Provider package for Microsoft Azure integrations with Apache Airflow
—
Quality
Pending
Does it follow best practices?
Impact
Pending
No eval scenarios have been run
Comprehensive Azure Data Lake Storage integration supporting both Gen1 and Gen2 with complete file system operations, directory management, data upload/download capabilities, and filesystem interface compatibility.
Primary interface for Azure Data Lake Storage Gen1 operations, providing authenticated connections and file system functionality.
class AzureDataLakeHook(BaseHook):
"""
Hook for Azure Data Lake Storage Gen1 operations.

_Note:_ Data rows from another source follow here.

lemma frame_sup_bimorphism_inf:
  assumes "frame_law TYPE('a::complete_lattice)"
    and "\<And>S. i (Sup S) = (\<Squnion>s\<in>S. i s :: 'a)" and "\<And>S. j (Sup S) = (\<Squnion>s\<in>S. j s :: 'a)"
  shows "sup_bimorphism (\<lambda>c b. i c \<sqinter> j b)"
  unfolding sup_bimorphism_def
  by (simp add: assms(2,3) frame_inf_SUP[OF assms(1)] frame_SUP_inf[OF assms(1)] image_image)

lemma cideal_sublevel:
  assumes "sup_bimorphism \<phi>"
  shows "cideal {(c, b). \<phi> c b \<le> M}"
  using assms sup_bimorphism_mono[OF assms] order_trans
  unfolding cideal_def sup_bimorphism_def by (fastforce simp: SUP_le_iff)

lemma SUP_cgen:
  assumes "sup_bimorphism \<phi>"
  shows "(\<Squnion>(c, b)\<in>cgen R. \<phi> c b) = (\<Squnion>(c, b)\<in>R. \<phi> c b)"
proof (rule antisym)
  let ?M = "\<Squnion>(c, b)\<in>R. \<phi> c b"
  have "R \<subseteq> {(c, b). \<phi> c b \<le> ?M}"
    by (auto intro: SUP_upper2)
  then have "cgen R \<subseteq> {(c, b). \<phi> c b \<le> ?M}"
    using cideal_sublevel[OF assms] unfolding cgen_def by blast
  then show "(\<Squnion>(c, b)\<in>cgen R. \<phi> c b) \<le> ?M"
    by (auto intro: SUP_least)
  have "R \<subseteq> cgen R"
    unfolding cgen_def by blast
  then show "?M \<le> (\<Squnion>(c, b)\<in>cgen R. \<phi> c b)"
    by (rule SUP_subset_mono) simp
qed

lemma SUP_tsup_tens:
  assumes "sup_bimorphism \<phi>"
  shows "(\<Squnion>(c, b)\<in>tsup ((\<lambda>z. tens (g z) (h z)) ` X). \<phi> c b) = (\<Squnion>z\<in>X. \<phi> (g z) (h z))"
  unfolding tsup_def tens_def by (simp add: SUP_cgen[OF assms] SUP_UNION)

definition matrix_prod ::
  "'x set \<Rightarrow> ('x \<times> 'x \<Rightarrow> 'a::complete_lattice) \<Rightarrow> ('x \<times> 'x \<Rightarrow> 'a) \<Rightarrow> 'x \<times> 'x \<Rightarrow> 'a" where
  "matrix_prod X P Q = (\<lambda>(x, y). \<Squnion>z\<in>X. P (x, z) \<sqinter> Q (z, y))"

definition matrix_inverse :: "'x set \<Rightarrow> ('x \<times> 'x \<Rightarrow> 'a::complete_lattice) \<Rightarrow> ('x \<times> 'x \<Rightarrow> 'a) \<Rightarrow> bool" where
  "matrix_inverse X P Q \<longleftrightarrow> (\<forall>x\<in>X. \<forall>y\<in>X.
      matrix_prod X P Q (x, y) = (if x = y then \<top> else \<bottom>)
    \<and> matrix_prod X Q P (x, y) = (if x = y then \<top> else \<bottom>))"

lemma matrix_inverse_sym: "matrix_inverse X P Q \<Longrightarrow> matrix_inverse X Q P"
  unfolding matrix_inverse_def by blast

lemma matrix_inverse_row_Sup:
  assumes "matrix_inverse X P Q" and "x \<in> X"
  shows "(\<Squnion>z\<in>X. P (x, z)) = \<top>"
proof -
  have "\<top> = (\<Squnion>z\<in>X. P (x, z) \<sqinter> Q (z, x))"
    using assms unfolding matrix_inverse_def matrix_prod_def by auto
  also have "\<dots> \<le> (\<Squnion>z\<in>X. P (x, z))"
    by (rule SUP_mono) (blast intro: inf_le1)
  finally show ?thesis
    by (rule top_unique[THEN iffD1])
qed

lemma matrix_inverse_column_Sup:
  assumes "matrix_inverse X P Q" and "x \<in> X"
  shows "(\<Squnion>z\<in>X. P (z, x)) = \<top>"
proof -
  have "\<top> = (\<Squnion>z\<in>X. Q (x, z) \<sqinter> P (z, x))"
    using assms unfolding matrix_inverse_def matrix_prod_def by auto
  also have "\<dots> \<le> (\<Squnion>z\<in>X. P (z, x))"
    by (rule SUP_mono) (blast intro: inf_le2)
  finally show ?thesis
    by (rule top_unique[THEN iffD1])
qed

lemma matrix_inverse_disjoint:
  assumes "matrix_inverse X P Q" and "x \<in> X" "y \<in> X" "z \<in> X" and "x \<noteq> y"
  shows "P (x, z) \<sqinter> Q (z, y) = \<bottom>"
proof -
  have "P (x, z) \<sqinter> Q (z, y) \<le> matrix_prod X P Q (x, y)"
    unfolding matrix_prod_def using assms(4) by (auto intro: SUP_upper)
  then show ?thesis
    using assms unfolding matrix_inverse_def by (simp add: bot_unique)
qed

lemma matrix_inverse_le_transpose:
  assumes "frame_law TYPE('a::complete_lattice)"
    and "matrix_inverse X P (Q :: _ \<Rightarrow> 'a)" and "x \<in> X" "y \<in> X"
  shows "P (y, x) \<le> Q (x, y)"
proof -
  have "P (y, x) = P (y, x) \<sqinter> (\<Squnion>z\<in>X. Q (x, z))"
    using matrix_inverse_row_Sup[OF matrix_inverse_sym[OF assms(2)] assms(3)] by simp
  also have "\<dots> = (\<Squnion>z\<in>X. P (y, x) \<sqinter> Q (x, z))"
    by (rule frame_inf_SUP[OF assms(1)])
  also have "\<dots> \<le> Q (x, y)"
  proof (rule SUP_least)
    fix z assume "z \<in> X"
    then show "P (y, x) \<sqinter> Q (x, z) \<le> Q (x, y)"
      using matrix_inverse_disjoint[OF assms(2), of y z x] assms(3,4)
      by (cases "z = y") auto
  qed
  finally show ?thesis .
qed

lemma matrix_inverse_eq_transpose:
  assumes "frame_law TYPE('a::complete_lattice)"
    and "matrix_inverse X P (Q :: _ \<Rightarrow> 'a)" and "x \<in> X" "y \<in> X"
  shows "Q (x, y) = P (y, x)"
  using assms matrix_inverse_sym[OF assms(2)]
  by (intro antisym matrix_inverse_le_transpose)

lemma matrix_inverse_l_bijection:
  assumes "frame_law TYPE('a::complete_lattice)" and "matrix_inverse X P (Q :: _ \<Rightarrow> 'a)"
  shows "l_bijection X P"
  unfolding l_bijection_def
proof (intro conjI ballI impI)
  fix x y1 y2 assume "x \<in> X" "y1 \<in> X" "y2 \<in> X" "y1 \<noteq> y2"
  then show "P (x, y1) \<sqinter> P (x, y2) = \<bottom>"
    using matrix_inverse_disjoint[OF matrix_inverse_sym[OF assms(2)], of y1 y2 x]
      matrix_inverse_eq_transpose[OF assms, of y1 x] by simp
next
  fix y x1 x2 assume "y \<in> X" "x1 \<in> X" "x2 \<in> X" "x1 \<noteq> x2"
  then show "P (x1, y) \<sqinter> P (x2, y) = \<bottom>"
    using matrix_inverse_disjoint[OF assms(2), of x1 x2 y]
      matrix_inverse_eq_transpose[OF assms, of y x2] by simp
qed (use matrix_inverse_row_Sup[OF assms(2)] matrix_inverse_column_Sup[OF assms(2)] in auto)

lemma rel_monoid_morphism_antipode_inverse:
  assumes G: "localic_group w e i" and f: "rel_monoid_morphism X w e f"
  shows "matrix_inverse X f (i \<circ> f)"
proof -
  have frame: "frame_law TYPE('a)"
    and i_Sup: "\<And>S. i (Sup S) = (\<Squnion>s\<in>S. i s)"
    using G unfolding localic_group_def frame_hom_def by auto
  have compr: "{\<phi> c b | c b. (c, b) \<in> D} = (\<lambda>(c, b). \<phi> c b) ` D"
    for \<phi> :: "'a \<Rightarrow> 'a \<Rightarrow> 'a" and D
    by auto
  have antipode_left: "(\<Squnion>(c, b)\<in>w a. i c \<sqinter> b) = (if e a then \<top> else \<bottom>)"
    and antipode_right: "(\<Squnion>(c, b)\<in>w a. c \<sqinter> i b) = (if e a then \<top> else \<bottom>)" for a
    using G unfolding localic_group_def compr by blast+
  have w_f: "w (f (x, y)) = tsup ((\<lambda>z. tens (f (x, z)) (f (z, y))) ` X)"
    and e_f: "e (f (x, y)) = (x = y)" if "x \<in> X" "y \<in> X" for x y
    using f that unfolding rel_monoid_morphism_def by auto
  have id_Sup: "id (Sup S) = (\<Squnion>s\<in>S. id s)" for S :: "'a set"
    by simp
  note left = frame_sup_bimorphism_inf[OF frame i_Sup id_Sup]
    and right = frame_sup_bimorphism_inf[OF frame id_Sup i_Sup]
  have "matrix_prod X (i \<circ> f) f (x, y) = (if x = y then \<top> else \<bottom>)"
    and "matrix_prod X f (i \<circ> f) (x, y) = (if x = y then \<top> else \<bottom>)" if "x \<in> X" "y \<in> X" for x y
  proof -
    have "matrix_prod X (i \<circ> f) f (x, y) = (\<Squnion>(c, b)\<in>w (f (x, y)). i c \<sqinter> b)"
      by (simp add: matrix_prod_def w_f[OF that] SUP_tsup_tens[OF left, simplified])
    also have "\<dots> = (if x = y then \<top> else \<bottom>)"
      by (simp add: antipode_left e_f[OF that])
    finally show "matrix_prod X (i \<circ> f) f (x, y) = (if x = y then \<top> else \<bottom>)" .
    have "matrix_prod X f (i \<circ> f) (x, y) = (\<Squnion>(c, b)\<in>w (f (x, y)). c \<sqinter> i b)"
      by (simp add: matrix_prod_def w_f[OF that] SUP_tsup_tens[OF right, simplified])
    also have "\<dots> = (if x = y then \<top> else \<bottom>)"
      by (simp add: antipode_right e_f[OF that])
    finally show "matrix_prod X f (i \<circ> f) (x, y) = (if x = y then \<top> else \<bottom>)" .
  qed
  then show ?thesis
    unfolding matrix_inverse_def by blast
qed

lemma rel_monoid_morphism_aut_group_morphism:
  assumes G: "localic_group w e i" and f: "rel_monoid_morphism X w e f"
  shows "aut_group_morphism X w e i f"
proof -
  have frame: "frame_law TYPE('a)"
    using G unfolding localic_group_def by blast
  note inverse = rel_monoid_morphism_antipode_inverse[OF G f]
  have "i (f (x, y)) = f (y, x)" if "x \<in> X" "y \<in> X" for x y
    using matrix_inverse_eq_transpose[OF frame inverse that] by simp
  then show ?thesis
    using matrix_inverse_l_bijection[OF frame inverse] f
    unfolding aut_group_morphism_def rel_monoid_morphism_def by blast
qed

theorem mainTheorem10:
  fixes w :: "'a::complete_lattice \<Rightarrow> ('a \<times> 'a) set"
    and e :: "'a \<Rightarrow> bool" and i :: "'a \<Rightarrow> 'a"
    and X :: "'x set" and f :: "'x \<times> 'x \<Rightarrow> 'a"
  assumes "localic_group w e i"
    and "rel_monoid_morphism X w e f"
  shows "\<exists>g. aut_group_morphism X w e i g \<and> (\<forall>x\<in>X. \<forall>y\<in>X. g (x, y) = f (x, y))
           \<and> (\<forall>g'. aut_group_morphism X w e i g' \<and> (\<forall>x\<in>X. \<forall>y\<in>X. g' (x, y) = f (x, y))
                  \<longrightarrow> (\<forall>x\<in>X. \<forall>y\<in>X. g' (x, y) = g (x, y)))"
  using rel_monoid_morphism_aut_group_morphism[OF assms] by blast

end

Provides methods for file operations, directory management, and data transfers.
Supports Azure Active Directory authentication and connection configurations.
"""
def get_conn(self) -> core.AzureDLFileSystem:
"""
Get authenticated Azure Data Lake Storage Gen1 client.
Returns:
core.AzureDLFileSystem: ADLS Gen1 client instance
"""
def check_for_file(self, file_path: str) -> bool:
"""
Check if a file exists in Azure Data Lake Storage.
Args:
file_path (str): Path to the file to check
Returns:
bool: True if file exists, False otherwise
"""
def upload_file(
self,
local_path: str,
remote_path: str,
nthreads: int = 64,
overwrite: bool = True,
buffersize: int = 4194304,
blocksize: int = 4194304
) -> None:
"""
Upload a local file to Azure Data Lake Storage.
Args:
local_path (str): Path to local file
remote_path (str): Target path in ADLS
nthreads (int): Number of threads for upload (default: 64)

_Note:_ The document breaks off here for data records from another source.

theorem theorem1:
  fixes x :: "nat \<Rightarrow> real" and N n :: nat and \<epsilon> :: real
  defines "\<mu> \<equiv> (\<Sum>i=1..N. x i) / real N"
      and "a \<equiv> Min (x ` {1..N})"
      and "b \<equiv> Max (x ` {1..N})"
  assumes "2 \<le> N" and "1 \<le> n" and "n < N" and "\<epsilon> > 0"
  shows "measure_pmf.prob (perm_pmf N)
           {\<pi>. Max ((\<lambda>k. centred_sum x \<mu> \<pi> k / real k) ` {n..N-1}) \<ge> \<epsilon>}
         \<le> exp (- (2 * real n * \<epsilon>\<^sup>2) /
                 ((1 - real n / real N) * (1 + 1 / real n) * (b - a)\<^sup>2))
       \<and> measure_pmf.prob (perm_pmf N)
           {\<pi>. Max ((\<lambda>k. centred_sum x \<mu> \<pi> k / (real N - real k)) ` {1..n})
                 \<ge> real n * \<epsilon> / (real N - real n)}
         \<le> exp (- (2 * real n * \<epsilon>\<^sup>2) /
                 ((1 - (real n - 1) / real N) * (b - a)\<^sup>2))"
proof -
  \<comment> \<open>the hypothesis 2 \<le> N is implied by 1 \<le> n < N\<close>
  have "\<mu> = mean x {1..N}"
    by (simp add: \<mu>_def mean_def)
  moreover have "x v \<in> {a..b}" if "v \<in> {1..N}" for v
    using that by (auto simp: a_def b_def)
  ultimately show ?thesis
    using prob_max_sample_mean_deviation_le[OF \<open>1 \<le> n\<close> \<open>n < N\<close> \<open>\<epsilon> > 0\<close>]
      prob_max_centred_sum_initial_le[OF \<open>1 \<le> n\<close> \<open>n < N\<close> \<open>\<epsilon> > 0\<close>]
    by blast
qed

end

overwrite (bool): Whether to overwrite existing file (default: True)
buffersize (int): Buffer size for upload (default: 4194304)

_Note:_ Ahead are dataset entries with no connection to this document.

lemma closedin_rho_topology_tail:
  assumes pos: "\<forall>x\<in>X. \<forall>y\<in>X. \<rho> x y \<ge> 0"
    and zero: "\<forall>x\<in>X. \<forall>y\<in>X. \<rho> x y = 0 \<longleftrightarrow> x = y"
    and y: "\<And>n. y n \<in> X"
    and far: "\<And>x. x \<in> X \<Longrightarrow> \<exists>e>0. eventually (\<lambda>n. e \<le> \<rho> x (y n)) sequentially"
  shows "closedin (rho_topology X \<rho>) (y ` {N..})"
  unfolding closedin_rho_topology
proof (intro conjI ballI)
  show "y ` {N..} \<subseteq> X" using y by auto
  fix x assume x: "x \<in> X - y ` {N..}"
  have x_off_tail: "0 < \<rho> x (y n)" if "N \<le> n" for n
    using pos zero x y that by (metis DiffE atLeast_iff image_eqI order_le_less)
  obtain e where e: "0 < e" "eventually (\<lambda>n. e \<le> \<rho> x (y n)) sequentially"
    using far x by blast
  obtain r where "0 < r" and r: "\<And>n. N \<le> n \<Longrightarrow> r \<le> \<rho> x (y n)"
    using positive_eventually_bounded_below[of N "\<lambda>n. \<rho> x (y n)", OF x_off_tail e] by blast
  have "\<not> \<rho> x (y n) < r" if "N \<le> n" for n using r[OF that] by simp
  then have "rball X \<rho> x r \<inter> y ` {N..} = {}" unfolding rball_def by auto
  then show "\<exists>r>0. rball X \<rho> x r \<inter> y ` {N..} = {}" using \<open>0 < r\<close> by blast
qed

lemma compact_rho_topology_cluster_point:
  assumes compact: "compact_space (rho_topology X \<rho>)"
    and pos: "\<forall>x\<in>X. \<forall>y\<in>X. \<rho> x y \<ge> 0"
    and zero: "\<forall>x\<in>X. \<forall>y\<in>X. \<rho> x y = 0 \<longleftrightarrow> x = y"
    and y: "\<And>n. y n \<in> X"
  obtains z where "z \<in> X" "\<And>e. 0 < e \<Longrightarrow> frequently (\<lambda>n. \<rho> z (y n) < e) sequentially"
proof -
  have "\<exists>z\<in>X. \<forall>e>0. frequently (\<lambda>n. \<rho> z (y n) < e) sequentially"
  proof (rule ccontr)
    assume "\<not> ?thesis"
    then have far: "\<exists>e>0. eventually (\<lambda>n. e \<le> \<rho> x (y n)) sequentially" if "x \<in> X" for x
      using that by (auto simp: not_frequently not_less)
    define tail where "tail N = y ` {N..}" for N
    have "\<forall>C\<in>range tail. closedin (rho_topology X \<rho>) C"
      using closedin_rho_topology_tail[OF pos zero y far] unfolding tail_def by blast
    moreover have "\<Inter>\<G> \<noteq> {}" if fin: "finite \<G>" and sub: "\<G> \<subseteq> range tail" for \<G>
    proof -
      obtain I where "finite I" "\<G> = tail ` I" using finite_subset_image[OF fin sub] by blast
      then have "y (Max (insert 0 I)) \<in> \<Inter>\<G>" unfolding tail_def by auto
      then show ?thesis by blast
    qed
    moreover have "(\<forall>C\<in>range tail. closedin (rho_topology X \<rho>) C) \<and>
        (\<forall>\<G>. finite \<G> \<and> \<G> \<subseteq> range tail \<longrightarrow> \<Inter>\<G> \<noteq> {}) \<longrightarrow> \<Inter>(range tail) \<noteq> {}"
      using compact unfolding compact_space_fip by (rule spec)
    ultimately have "\<Inter>(range tail) \<noteq> {}" by blast
    then obtain w where w: "\<And>N. w \<in> tail N" by blast
    then have "w \<in> X" using y unfolding tail_def by blast
    then obtain e M where "0 < e" "\<And>n. M \<le> n \<Longrightarrow> e \<le> \<rho> w (y n)"
      using far unfolding eventually_sequentially by blast
    moreover obtain n where "M \<le> n" "w = y n" using w[of M] unfolding tail_def by blast
    ultimately show False using zero \<open>w \<in> X\<close> by force
  qed
  then show ?thesis using that by blast
qed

blocksize (int): Block size for upload (default: 4194304)
"""
def download_file(
self,
local_path: str,
remote_path: str,
nthreads: int = 64,
overwrite: bool = True,
buffersize: int = 4194304,
blocksize: int = 4194304
) -> None:
"""
Download a file from Azure Data Lake Storage to local system.
Args:
local_path (str): Local destination path
remote_path (str): Source path in ADLS
nthreads (int): Number of threads for download (default: 64)
overwrite (bool): Whether to overwrite existing local file (default: True)
buffersize (int): Buffer size for download (default: 4194304)
blocksize (int): Block size for download (default: 4194304)
"""
def list(self, path: str) -> list:
"""
List directory contents in Azure Data Lake Storage.
Args:
path (str): Directory path to list
Returns:
list: List of files and directories in the path
"""
def remove(
self,
path: str,
recursive: bool = False,
ignore_not_found: bool = True
) -> None:
"""
Remove file or directory from Azure Data Lake Storage.
Args:
path (str): Path to file or directory to remove
recursive (bool): Whether to remove directories recursively (default: False)
ignore_not_found (bool): Don't raise error if path doesn't exist (default: True)
"""Advanced interface for Azure Data Lake Storage Gen2 operations with hierarchical namespace support and enhanced capabilities.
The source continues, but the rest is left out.